▸ WHAT TO WORK ON: Report every line of the records that includes the word "None".

▸ PROVIDED ENTRIES:
(* No finite Blaschke product of degree $\ge2$ is outer regular; that is, if $\phi(z)=\omega\prod_{j=1}^d\frac{a_j-z}{1-\overline{a_j}z}$ with $|\omega|=1$, $a_j\in\mathbb{U}$ and $d\ge2$, then $\phi$ has a critical value in $\{z\in\hat{\mathbb{C}}:|z|\ge1\}\cup\{\infty\}$.
   Context: $\mathbb{U}$ is the open unit disc, $\hat{\mathbb{C}}$ the Riemann sphere. Rational functions are regarded as maps $\hat{\mathbb{C}}\to\hat{\mathbb{C}}$; the degree of $p/q$ (relatively prime polynomials) is $\max(\deg p,\deg q)$. A point $w$ is a regular value of a rational function $R$ of degree $d$ if $R^{-1}(\{w\})$ consists of $d$ distinct points, and a critical value otherwise. A rational self-map $\phi$ of $\mathbb{U}$ is outer regular if all its critical values lie in $\mathbb{U}$, i.e. every point of $\{|z|\ge1\}\cup\{\infty\}$ is a regular value of $\phi$. *)

theory Defs
  imports "HOL-Computational_Algebra.Computational_Algebra" "HOL-Computational_Algebra.Field_as_Ring"
begin

text \<open>The Riemann sphere is modelled as complex option: None is the point at infinity.\<close>

definition red_num :: "complex poly \<Rightarrow> complex poly \<Rightarrow> complex poly" where
  "red_num p q = p div gcd p q"

definition red_den :: "complex poly \<Rightarrow> complex poly \<Rightarrow> complex poly" where
  "red_den p q = q div gcd p q"

definition rat_degree :: "complex poly \<Rightarrow> complex poly \<Rightarrow> nat" where
  "rat_degree p q = max (degree (red_num p q)) (degree (red_den p q))"

definition rat_map :: "complex poly \<Rightarrow> complex poly \<Rightarrow> complex option \<Rightarrow> complex option" where
  "rat_map p q z =
     (let P = red_num p q; Q = red_den p q in
      case z of
        Some c \<Rightarrow> (if poly Q c = 0 then None else Some (poly P c / poly Q c))
      | None \<Rightarrow> (if degree P > degree Q then None
                else if degree P < degree Q then Some 0
                else Some (lead_coeff P / lead_coeff Q)))"

definition regular_value :: "complex poly \<Rightarrow> complex poly \<Rightarrow> complex option \<Rightarrow> bool" where
  "regular_value p q w \<longleftrightarrow>
     finite (rat_map p q -` {w}) \<and> card (rat_map p q -` {w}) = rat_degree p q"

definition critical_value :: "complex poly \<Rightarrow> complex poly \<Rightarrow> complex option \<Rightarrow> bool" where
  "critical_value p q w \<longleftrightarrow> \<not> regular_value p q w"

definition blaschke_num :: "complex \<Rightarrow> (nat \<Rightarrow> complex) \<Rightarrow> nat \<Rightarrow> complex poly" where
  "blaschke_num \<omega> a d = smult \<omega> (\<Prod>j\<in>{1..d}. [:a j, -1:])"

definition blaschke_den :: "(nat \<Rightarrow> complex) \<Rightarrow> nat \<Rightarrow> complex poly" where
  "blaschke_den a d = (\<Prod>j\<in>{1..d}. [:1, - cnj (a j):])"

end

theory Submission
  imports Defs
begin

▸ ANSWER SPACE:
text \<open>The Riemann sphere is modelled as complex option: None is the point at infinity.\<close>
        Some c \<Rightarrow> (if poly Q c = 0 then None else Some (poly P c / poly Q c))
      | None \<Rightarrow> (if degree P > degree Q then None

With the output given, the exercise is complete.